All hosting options have costs, risks, and opportunities. Different costs, risks and opportunities apply to wholly-owned, co-lo, hybrid cloud and dedicated cloud. Doing nothing is never cost and risk free, and will limit your opportunities compared to one of the other options. Part of the job of IT is to align the costs, risks and opportunities with what will best help the business to succeed.
Original author: https://github.com/SQL-FineBuild/Common/wiki/ 1-click install and best practice configuration of SQL Server 2019, 2017 2016, 2014, 2012, 2008 R2, 2008 and 2005.
When I give food to the poor they call me a saint. When I ask why they are poor they call me a communist - Archbishop Hélder Câmara
November 8, 2017 at 1:57 am
I've spent 3 years dealing with AWS so I would be asking whether the tasks that go away due to the move to a cloud provider allow you to pursue activities that are more beneficial to your organisation.

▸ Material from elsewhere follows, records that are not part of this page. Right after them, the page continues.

(* Let $(\Omega,\mathcal F,\mathbb P)$ be a probability space. For each $N\in\mathbb N$ let $\{t_j\}_{j\in\mathbb N}=\{t_j^{(N)}\}_{j\in\mathbb N}$ be a sequence of positive random variables on this space (the dependence on $N$ is suppressed in the notation) satisfying: (i) $\mathbb E(t_i)=\frac1N$ for all $i$ and all $N$; (ii) there exist $r>0$ and a constant $\tilde C>0$ such that $\mathbb E(t_i^{2+r})\le \frac{\tilde C}{N^{2+r}}$ for all $i$ and all $N$; (iii) for all $m\in\mathbb N$ (and all $N$), the vector $(t_1,\dots,t_m)$ is negatively superadditive dependent. Set $\tau_0=0$, $\tau_i=\sum_{j=1}^i t_j$ for $i\ge1$, and $N(1)=\sum_{j\ge1}\mathbf 1_{\tau_j\le 1}$. Let $W=(W_s)_{s\ge0}$ be a random function on the same probability space that is almost surely continuous, let $a\in\mathbb R$, and consider observations $$Y_{\tau_i}=a\tau_i+\varepsilon_{\tau_i},\qquad \varepsilon_{\tau_i}=W_{\tau_i}-W_{\tau_{i-1}},\qquad i=1,\dots,N(1),$$ with least square estimator $$\hat a_{N(1)}=\frac{\sum_{i=1}^{N(1)}Y_{\tau_i}\tau_i}{\sum_{i=1}^{N(1)}\tau_i^2}.$$ Then, almost surely as $N\to\infty$, $$N(1)\big(\hat a_{N(1)}-a\big)\to 3\int_0^1 (W_1-W_s)\,ds.$$
   Context: A function $\phi:\mathbb R^m\to\mathbb R$ is superadditive if $\phi(x\vee y)+\phi(x\wedge y)\ge\phi(x)+\phi(y)$ for all $x,y\in\mathbb R^m$, where $\vee$ and $\wedge$ denote componentwise maximum and minimum. A random vector $(X_1,\dots,X_m)$ is negatively superadditive dependent (NSD) if for every superadditive $\phi$ such that the expectation $\mathbb E\phi(X_1,\dots,X_m)$ exists, $\mathbb E\phi(X_1,\dots,X_m)\le\mathbb E\phi(X_1^*,\dots,X_m^* )$, where $X_1^*,\dots,X_m^*$ are independent and $X_i^*$ has the same distribution as $X_i$ for each $i$. *)

theory Defs
  imports "HOL-Probability.Probability"
begin

text \<open>Vectors in R^m are represented as extensional functions on the index set {1..m}
  (elements of PiE {1..m} (\<lambda>_. UNIV)); componentwise max/min is sup/inf of functions.\<close>

definition superadditive_on :: "nat \<Rightarrow> ((nat \<Rightarrow> real) \<Rightarrow> real) \<Rightarrow> bool" where
  "superadditive_on m \<phi> \<longleftrightarrow>
     (\<forall>x\<in>PiE {1..m} (\<lambda>_. UNIV). \<forall>y\<in>PiE {1..m} (\<lambda>_. UNIV).
        \<phi> (sup x y) + \<phi> (inf x y) \<ge> \<phi> x + \<phi> y)"

text \<open>Negative superadditive dependence of (X 1, ..., X m) on the probability space M.
  The independent copy (X*_1,...,X*_m) is realised by the product of the marginal laws.\<close>
definition NSD :: "'a measure \<Rightarrow> nat \<Rightarrow> (nat \<Rightarrow> 'a \<Rightarrow> real) \<Rightarrow> bool" where
  "NSD M m X \<longleftrightarrow>
     (\<forall>\<phi>. superadditive_on m \<phi>
        \<and> \<phi> \<in> borel_measurable (PiM {1..m} (\<lambda>_. borel))
        \<and> integrable M (\<lambda>\<omega>. \<phi> (\<lambda>i\<in>{1..m}. X i \<omega>))
        \<and> integrable (PiM {1..m} (\<lambda>i. distr M borel (X i))) \<phi>
      \<longrightarrow> (\<integral>\<omega>. \<phi> (\<lambda>i\<in>{1..m}. X i \<omega>) \<partial>M)
            \<le> (\<integral>x. \<phi> x \<partial>(PiM {1..m} (\<lambda>i. distr M borel (X i)))))"

end

theory Submission
  imports Defs "HOL-Real_Asymp.Real_Asymp"
begin

(* Fix s > 0 and call the N-th array regular if the first 2N increments are at most N^(-s) and
   the partial sums tau_m, m <= 2N, lie within N^(-s) of m/N.  Along regular arrays the statement
   is deterministic: N(1) (ahat - a) = N(1) * E / S with S = sum tau_i^2 = N/3 + o(N), and by Abel
   summation E = sum (W(tau_i) - W(tau_(i-1))) tau_i is W(tau_n) tau_n minus a Riemann sum of W,
   so E tends to W(1) - integral_0^1 W.  Irregularity has summable probability: a large increment
   by Markov's inequality with the (2+r)-th moment, a large deviation of the (truncated) partial
   sums by a Chernoff bound.  The Chernoff bound survives negative superadditive dependence because
   x |-> exp (l * sum g(x_i)) is superadditive for monotone g, so the joint moment generating
   function is dominated by that of independent copies.  Borel-Cantelli finishes the proof. *)

lemma sum_squares_atLeast1_atMost:
  "(\<Sum>i\<in>{1..n}. (real i)\<^sup>2) = real n * (real n + 1) * (2 * real n + 1) / 6"
  by (induction n) (simp_all add: field_simps power2_eq_square)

If you have traditional hardware that isn't going away and your system is one that barely represents an increment in the work to keep the other systems on that hardware operational then there is little benefit in migrating.
EXCEPT...having cloud experience in a work capacity looks good on your CV. The cynic in me notes that an awful lot of technology choices seem to be fuelled by the CV aspirations of the decision influencers/makers than organisational need.
Where a move to the cloud makes sense is
If a company starts shifting to the cloud there comes a tipping point beyond which the cost of paying for their own data centre just doesn't make sense. You end up with a few systems having to bear the brunt of the costs of that on-premise data centre, at which point on-premise no-longer makes financial sense.
November 8, 2017 at 6:37 am
I have a hard time believing that the cloud would be cost effective for a site like SQLServerCentral. It seems like the pricing in the cloud it still a bit expensive. I guess that might be a good first step is to better quantify how much is running the site currently costing you? How much more would it cost to put it in the cloud? Then the debate might be more on if that cost difference was worth it or not?